WHAT THIS TASK INVOLVES
Scan the records beneath this line for the line holding "using radius \<open>0" and the line holding "(2 * real ?L", then transcribe exactly those two and all lines between.

━━━━━━

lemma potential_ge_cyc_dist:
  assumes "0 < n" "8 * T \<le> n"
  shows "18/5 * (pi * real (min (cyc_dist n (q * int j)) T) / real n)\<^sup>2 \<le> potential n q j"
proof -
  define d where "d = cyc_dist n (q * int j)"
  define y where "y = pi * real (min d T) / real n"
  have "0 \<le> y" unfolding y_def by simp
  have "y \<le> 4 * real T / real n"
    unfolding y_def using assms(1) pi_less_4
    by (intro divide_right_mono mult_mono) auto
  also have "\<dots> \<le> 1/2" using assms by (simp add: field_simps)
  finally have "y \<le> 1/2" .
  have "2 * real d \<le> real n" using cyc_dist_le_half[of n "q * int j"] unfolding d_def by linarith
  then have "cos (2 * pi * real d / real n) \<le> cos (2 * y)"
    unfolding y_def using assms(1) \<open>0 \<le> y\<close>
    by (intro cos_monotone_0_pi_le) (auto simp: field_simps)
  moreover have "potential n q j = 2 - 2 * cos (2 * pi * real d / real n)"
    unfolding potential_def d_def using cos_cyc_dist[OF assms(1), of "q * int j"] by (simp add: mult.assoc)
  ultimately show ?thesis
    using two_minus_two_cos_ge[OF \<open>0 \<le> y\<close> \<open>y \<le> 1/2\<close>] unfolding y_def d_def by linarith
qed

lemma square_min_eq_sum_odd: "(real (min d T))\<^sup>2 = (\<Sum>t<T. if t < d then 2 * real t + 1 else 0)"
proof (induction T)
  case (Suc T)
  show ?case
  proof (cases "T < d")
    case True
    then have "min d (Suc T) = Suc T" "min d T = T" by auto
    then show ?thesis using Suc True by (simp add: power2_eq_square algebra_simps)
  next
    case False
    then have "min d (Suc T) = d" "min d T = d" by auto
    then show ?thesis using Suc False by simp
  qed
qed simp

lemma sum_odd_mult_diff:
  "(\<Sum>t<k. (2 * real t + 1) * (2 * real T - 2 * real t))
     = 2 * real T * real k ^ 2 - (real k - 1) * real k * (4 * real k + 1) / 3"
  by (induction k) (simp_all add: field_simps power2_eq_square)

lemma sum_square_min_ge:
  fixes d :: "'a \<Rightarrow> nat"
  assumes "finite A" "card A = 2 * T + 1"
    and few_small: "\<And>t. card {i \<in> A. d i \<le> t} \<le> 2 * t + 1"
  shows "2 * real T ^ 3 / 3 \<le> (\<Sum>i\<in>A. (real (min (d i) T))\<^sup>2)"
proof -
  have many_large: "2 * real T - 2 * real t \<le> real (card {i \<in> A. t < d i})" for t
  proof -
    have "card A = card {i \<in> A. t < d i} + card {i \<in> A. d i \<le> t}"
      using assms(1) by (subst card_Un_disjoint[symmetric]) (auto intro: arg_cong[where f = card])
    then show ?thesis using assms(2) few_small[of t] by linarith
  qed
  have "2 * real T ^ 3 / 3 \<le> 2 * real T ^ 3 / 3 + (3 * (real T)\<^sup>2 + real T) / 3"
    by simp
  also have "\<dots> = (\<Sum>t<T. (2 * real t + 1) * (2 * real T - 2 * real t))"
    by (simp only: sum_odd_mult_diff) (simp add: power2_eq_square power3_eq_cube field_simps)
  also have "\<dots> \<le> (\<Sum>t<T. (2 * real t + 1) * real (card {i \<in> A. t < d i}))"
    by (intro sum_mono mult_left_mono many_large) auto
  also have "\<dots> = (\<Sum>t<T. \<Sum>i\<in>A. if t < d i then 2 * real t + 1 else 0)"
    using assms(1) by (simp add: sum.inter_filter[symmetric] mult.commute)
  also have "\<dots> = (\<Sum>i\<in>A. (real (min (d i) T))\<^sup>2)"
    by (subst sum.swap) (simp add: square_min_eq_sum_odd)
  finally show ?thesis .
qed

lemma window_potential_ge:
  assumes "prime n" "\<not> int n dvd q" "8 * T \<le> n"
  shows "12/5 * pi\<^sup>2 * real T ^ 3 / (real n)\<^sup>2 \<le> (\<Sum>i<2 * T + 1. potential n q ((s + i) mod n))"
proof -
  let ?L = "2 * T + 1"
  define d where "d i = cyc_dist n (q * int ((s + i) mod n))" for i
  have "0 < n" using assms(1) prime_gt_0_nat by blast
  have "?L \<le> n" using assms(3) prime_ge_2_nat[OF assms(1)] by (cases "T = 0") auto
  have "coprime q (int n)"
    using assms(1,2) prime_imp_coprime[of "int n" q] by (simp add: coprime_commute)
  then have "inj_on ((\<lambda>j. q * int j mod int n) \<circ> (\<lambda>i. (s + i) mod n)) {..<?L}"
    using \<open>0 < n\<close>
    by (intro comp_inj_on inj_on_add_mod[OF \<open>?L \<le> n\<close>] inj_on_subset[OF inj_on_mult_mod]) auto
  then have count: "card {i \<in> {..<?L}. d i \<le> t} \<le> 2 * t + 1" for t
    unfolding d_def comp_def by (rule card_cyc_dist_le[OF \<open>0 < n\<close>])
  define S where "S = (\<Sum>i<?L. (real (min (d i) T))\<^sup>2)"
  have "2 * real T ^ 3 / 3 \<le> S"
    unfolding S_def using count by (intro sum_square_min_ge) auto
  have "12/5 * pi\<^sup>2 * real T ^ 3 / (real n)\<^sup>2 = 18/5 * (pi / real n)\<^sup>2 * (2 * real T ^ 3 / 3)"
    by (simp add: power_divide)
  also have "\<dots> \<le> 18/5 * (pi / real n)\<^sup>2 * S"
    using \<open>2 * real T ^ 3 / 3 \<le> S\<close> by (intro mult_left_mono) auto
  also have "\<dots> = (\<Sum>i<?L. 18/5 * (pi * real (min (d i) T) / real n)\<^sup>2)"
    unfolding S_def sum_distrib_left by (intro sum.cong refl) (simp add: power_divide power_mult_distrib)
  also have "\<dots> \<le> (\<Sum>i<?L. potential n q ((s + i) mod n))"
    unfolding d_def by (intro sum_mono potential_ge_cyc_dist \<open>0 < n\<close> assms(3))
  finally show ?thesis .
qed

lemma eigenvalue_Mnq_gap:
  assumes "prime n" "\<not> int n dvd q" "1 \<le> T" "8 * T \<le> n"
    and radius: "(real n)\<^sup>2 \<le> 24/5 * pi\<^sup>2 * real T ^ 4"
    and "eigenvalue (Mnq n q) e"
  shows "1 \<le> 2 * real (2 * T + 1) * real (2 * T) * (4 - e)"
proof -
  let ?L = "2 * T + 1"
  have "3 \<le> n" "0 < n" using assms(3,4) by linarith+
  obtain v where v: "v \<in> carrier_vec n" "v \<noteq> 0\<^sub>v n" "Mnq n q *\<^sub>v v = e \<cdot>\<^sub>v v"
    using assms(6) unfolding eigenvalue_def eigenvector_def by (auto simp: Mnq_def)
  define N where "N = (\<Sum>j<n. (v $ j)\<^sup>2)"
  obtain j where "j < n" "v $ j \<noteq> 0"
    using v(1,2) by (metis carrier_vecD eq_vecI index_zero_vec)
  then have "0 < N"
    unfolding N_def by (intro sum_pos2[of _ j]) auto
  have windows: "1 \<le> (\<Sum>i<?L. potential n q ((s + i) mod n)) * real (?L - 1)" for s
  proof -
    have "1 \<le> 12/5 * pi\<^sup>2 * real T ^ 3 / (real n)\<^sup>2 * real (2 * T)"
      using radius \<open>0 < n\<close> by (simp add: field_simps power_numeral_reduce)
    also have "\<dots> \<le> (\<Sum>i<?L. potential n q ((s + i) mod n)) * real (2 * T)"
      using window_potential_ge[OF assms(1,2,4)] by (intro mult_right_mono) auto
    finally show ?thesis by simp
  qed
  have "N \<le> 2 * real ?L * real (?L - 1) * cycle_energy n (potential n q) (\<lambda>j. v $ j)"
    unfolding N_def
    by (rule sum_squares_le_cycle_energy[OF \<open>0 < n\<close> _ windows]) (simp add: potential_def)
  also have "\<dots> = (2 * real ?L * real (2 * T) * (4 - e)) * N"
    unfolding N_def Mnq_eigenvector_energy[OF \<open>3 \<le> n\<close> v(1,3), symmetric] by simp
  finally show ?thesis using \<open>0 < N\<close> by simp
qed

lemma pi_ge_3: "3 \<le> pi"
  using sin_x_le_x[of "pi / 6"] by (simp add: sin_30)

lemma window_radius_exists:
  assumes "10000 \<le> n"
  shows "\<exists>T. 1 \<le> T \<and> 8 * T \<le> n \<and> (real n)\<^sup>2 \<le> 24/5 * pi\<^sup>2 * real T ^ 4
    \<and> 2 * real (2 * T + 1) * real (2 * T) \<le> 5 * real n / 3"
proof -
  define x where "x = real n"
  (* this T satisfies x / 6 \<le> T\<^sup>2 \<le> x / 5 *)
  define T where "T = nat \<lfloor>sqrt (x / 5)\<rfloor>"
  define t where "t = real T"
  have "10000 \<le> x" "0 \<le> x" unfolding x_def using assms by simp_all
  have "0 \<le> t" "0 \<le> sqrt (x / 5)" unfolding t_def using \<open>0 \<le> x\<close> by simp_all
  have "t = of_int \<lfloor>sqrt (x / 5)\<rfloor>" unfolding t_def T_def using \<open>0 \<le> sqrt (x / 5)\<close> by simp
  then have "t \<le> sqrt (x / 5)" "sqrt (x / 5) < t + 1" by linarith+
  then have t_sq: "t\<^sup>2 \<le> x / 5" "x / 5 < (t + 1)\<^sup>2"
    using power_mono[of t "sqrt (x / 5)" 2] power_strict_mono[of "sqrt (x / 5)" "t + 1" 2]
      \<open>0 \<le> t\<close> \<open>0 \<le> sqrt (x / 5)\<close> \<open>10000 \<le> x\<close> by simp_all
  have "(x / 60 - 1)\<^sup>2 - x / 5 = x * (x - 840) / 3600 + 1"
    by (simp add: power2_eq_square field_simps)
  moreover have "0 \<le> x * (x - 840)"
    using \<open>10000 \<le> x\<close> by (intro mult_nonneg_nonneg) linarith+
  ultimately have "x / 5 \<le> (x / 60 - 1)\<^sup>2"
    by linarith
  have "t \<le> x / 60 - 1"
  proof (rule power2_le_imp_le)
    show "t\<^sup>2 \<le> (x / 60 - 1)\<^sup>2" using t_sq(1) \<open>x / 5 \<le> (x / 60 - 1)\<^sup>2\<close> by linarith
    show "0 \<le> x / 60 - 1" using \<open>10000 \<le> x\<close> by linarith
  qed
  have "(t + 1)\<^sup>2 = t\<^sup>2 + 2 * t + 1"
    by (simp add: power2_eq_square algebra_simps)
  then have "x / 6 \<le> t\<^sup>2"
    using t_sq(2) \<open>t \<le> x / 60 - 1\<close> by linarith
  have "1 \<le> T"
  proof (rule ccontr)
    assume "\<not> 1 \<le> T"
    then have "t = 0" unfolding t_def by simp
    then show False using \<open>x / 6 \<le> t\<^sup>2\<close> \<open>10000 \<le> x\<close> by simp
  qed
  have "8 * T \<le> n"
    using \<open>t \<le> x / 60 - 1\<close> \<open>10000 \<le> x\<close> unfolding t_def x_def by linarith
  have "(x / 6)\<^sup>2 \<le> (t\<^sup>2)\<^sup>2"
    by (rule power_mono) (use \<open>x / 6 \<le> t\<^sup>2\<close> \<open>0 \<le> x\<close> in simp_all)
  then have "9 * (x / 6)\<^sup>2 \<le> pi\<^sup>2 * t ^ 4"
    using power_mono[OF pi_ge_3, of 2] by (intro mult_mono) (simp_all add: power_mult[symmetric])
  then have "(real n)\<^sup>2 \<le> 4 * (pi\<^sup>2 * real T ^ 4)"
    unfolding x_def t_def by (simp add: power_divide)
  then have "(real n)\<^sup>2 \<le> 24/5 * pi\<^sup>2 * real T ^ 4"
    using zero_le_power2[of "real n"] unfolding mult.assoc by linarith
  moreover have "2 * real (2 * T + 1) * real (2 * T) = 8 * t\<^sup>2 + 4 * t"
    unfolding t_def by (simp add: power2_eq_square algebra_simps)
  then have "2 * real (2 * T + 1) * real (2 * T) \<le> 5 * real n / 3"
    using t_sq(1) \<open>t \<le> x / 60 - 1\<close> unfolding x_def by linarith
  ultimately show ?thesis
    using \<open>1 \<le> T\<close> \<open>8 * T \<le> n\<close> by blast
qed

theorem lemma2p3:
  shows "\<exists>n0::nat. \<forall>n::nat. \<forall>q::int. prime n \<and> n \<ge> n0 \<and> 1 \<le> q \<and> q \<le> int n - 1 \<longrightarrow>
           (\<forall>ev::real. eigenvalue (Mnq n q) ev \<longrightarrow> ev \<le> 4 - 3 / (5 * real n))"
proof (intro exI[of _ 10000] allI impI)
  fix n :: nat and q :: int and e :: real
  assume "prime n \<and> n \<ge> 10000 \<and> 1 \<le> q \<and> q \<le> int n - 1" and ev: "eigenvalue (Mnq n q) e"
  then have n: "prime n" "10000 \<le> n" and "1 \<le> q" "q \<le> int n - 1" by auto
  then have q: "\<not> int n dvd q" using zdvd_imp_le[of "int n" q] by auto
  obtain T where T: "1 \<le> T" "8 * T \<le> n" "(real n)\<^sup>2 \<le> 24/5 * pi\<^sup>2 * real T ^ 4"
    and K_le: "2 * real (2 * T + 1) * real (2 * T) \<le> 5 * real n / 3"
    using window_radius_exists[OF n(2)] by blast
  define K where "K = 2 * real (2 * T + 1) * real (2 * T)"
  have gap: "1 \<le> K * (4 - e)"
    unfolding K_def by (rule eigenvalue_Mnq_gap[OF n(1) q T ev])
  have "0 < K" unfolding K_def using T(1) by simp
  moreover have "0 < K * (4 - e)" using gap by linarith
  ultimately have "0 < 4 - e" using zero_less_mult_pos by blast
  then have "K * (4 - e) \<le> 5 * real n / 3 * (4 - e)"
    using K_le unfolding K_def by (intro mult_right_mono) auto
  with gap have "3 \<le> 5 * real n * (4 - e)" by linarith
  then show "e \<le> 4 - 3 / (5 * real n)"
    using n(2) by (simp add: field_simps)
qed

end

━━━━━━

OUTPUT
      using radius \<open>0 < n\<close> by (simp add: field_simps power_numeral_reduce)
    also have "\<dots> \<le> (\<Sum>i<?L. potential n q ((s + i) mod n)) * real (2 * T)"
      using window_potential_ge[OF assms(1,2,4)] by (intro mult_right_mono) auto
    finally show ?thesis by simp
  qed
  have "N \<le> 2 * real ?L * real (?L - 1) * cycle_energy n (potential n q) (\<lambda>j. v $ j)"
    unfolding N_def
    by (rule sum_squares_le_cycle_energy[OF \<open>0 < n\<close> _ windows]) (simp add: potential_def)
  also have "\<dots> = (2 * real ?L * real (2 * T) * (4 - e)) * N"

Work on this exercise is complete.